*** Opening DATASET ENTRIES ***
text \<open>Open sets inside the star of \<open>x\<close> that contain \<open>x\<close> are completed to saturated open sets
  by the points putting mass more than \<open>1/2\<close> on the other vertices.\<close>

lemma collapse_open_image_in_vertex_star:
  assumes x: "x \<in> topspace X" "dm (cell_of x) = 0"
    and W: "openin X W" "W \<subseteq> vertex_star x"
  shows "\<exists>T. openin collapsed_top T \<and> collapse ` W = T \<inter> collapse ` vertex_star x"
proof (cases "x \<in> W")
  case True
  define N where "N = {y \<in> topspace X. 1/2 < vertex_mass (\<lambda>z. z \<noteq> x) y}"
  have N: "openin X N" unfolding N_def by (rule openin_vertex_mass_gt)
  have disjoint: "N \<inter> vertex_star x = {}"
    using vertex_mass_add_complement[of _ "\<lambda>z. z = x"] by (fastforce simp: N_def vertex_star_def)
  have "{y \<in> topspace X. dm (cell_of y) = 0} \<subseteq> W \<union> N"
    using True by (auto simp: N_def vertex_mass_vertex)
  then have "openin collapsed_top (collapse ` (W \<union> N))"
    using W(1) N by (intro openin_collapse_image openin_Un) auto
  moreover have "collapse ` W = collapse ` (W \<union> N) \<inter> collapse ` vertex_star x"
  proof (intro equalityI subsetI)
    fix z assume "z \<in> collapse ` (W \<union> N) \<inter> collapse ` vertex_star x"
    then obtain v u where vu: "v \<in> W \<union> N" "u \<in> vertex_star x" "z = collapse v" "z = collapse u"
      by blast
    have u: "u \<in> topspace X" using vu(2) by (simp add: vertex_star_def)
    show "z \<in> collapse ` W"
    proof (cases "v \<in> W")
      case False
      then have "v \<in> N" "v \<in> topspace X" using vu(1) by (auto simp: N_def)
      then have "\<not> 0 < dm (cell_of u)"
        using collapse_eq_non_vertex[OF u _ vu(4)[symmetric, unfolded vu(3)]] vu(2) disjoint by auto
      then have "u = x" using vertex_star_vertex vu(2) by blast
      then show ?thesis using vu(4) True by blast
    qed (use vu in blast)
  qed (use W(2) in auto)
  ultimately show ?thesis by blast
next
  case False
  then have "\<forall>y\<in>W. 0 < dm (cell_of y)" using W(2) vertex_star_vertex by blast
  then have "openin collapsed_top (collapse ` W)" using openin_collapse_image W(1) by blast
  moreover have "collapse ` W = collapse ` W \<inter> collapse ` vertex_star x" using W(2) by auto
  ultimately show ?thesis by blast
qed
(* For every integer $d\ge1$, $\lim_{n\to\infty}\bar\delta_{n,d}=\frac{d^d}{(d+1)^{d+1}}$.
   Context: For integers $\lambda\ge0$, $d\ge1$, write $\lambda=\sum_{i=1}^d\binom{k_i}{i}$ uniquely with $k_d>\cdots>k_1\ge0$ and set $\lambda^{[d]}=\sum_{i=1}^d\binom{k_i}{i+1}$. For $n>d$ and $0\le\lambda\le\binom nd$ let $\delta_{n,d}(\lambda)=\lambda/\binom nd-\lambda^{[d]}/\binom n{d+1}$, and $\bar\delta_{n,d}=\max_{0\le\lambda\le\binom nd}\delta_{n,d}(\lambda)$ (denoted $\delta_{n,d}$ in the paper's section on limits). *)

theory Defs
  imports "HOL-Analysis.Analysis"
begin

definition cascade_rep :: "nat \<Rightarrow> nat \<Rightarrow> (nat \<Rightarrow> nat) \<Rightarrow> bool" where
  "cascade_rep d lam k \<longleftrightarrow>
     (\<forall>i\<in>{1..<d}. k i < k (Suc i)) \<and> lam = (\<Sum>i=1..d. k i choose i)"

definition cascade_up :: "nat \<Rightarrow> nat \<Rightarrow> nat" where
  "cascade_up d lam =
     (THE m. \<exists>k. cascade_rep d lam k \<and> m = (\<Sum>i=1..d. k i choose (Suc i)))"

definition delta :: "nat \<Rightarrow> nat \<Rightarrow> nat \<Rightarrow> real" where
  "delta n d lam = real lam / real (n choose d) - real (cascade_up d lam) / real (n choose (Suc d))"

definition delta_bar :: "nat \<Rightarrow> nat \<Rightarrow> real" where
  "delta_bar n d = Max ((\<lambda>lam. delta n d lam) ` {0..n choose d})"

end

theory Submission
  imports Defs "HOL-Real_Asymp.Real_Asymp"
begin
*** Closing DATASET ENTRIES ***
## ASSIGNED TASK:
What is the number of lines in the data above that include the word "forall"? Answer with that number only.

## RESPONSE TO THE EXERCISE:
2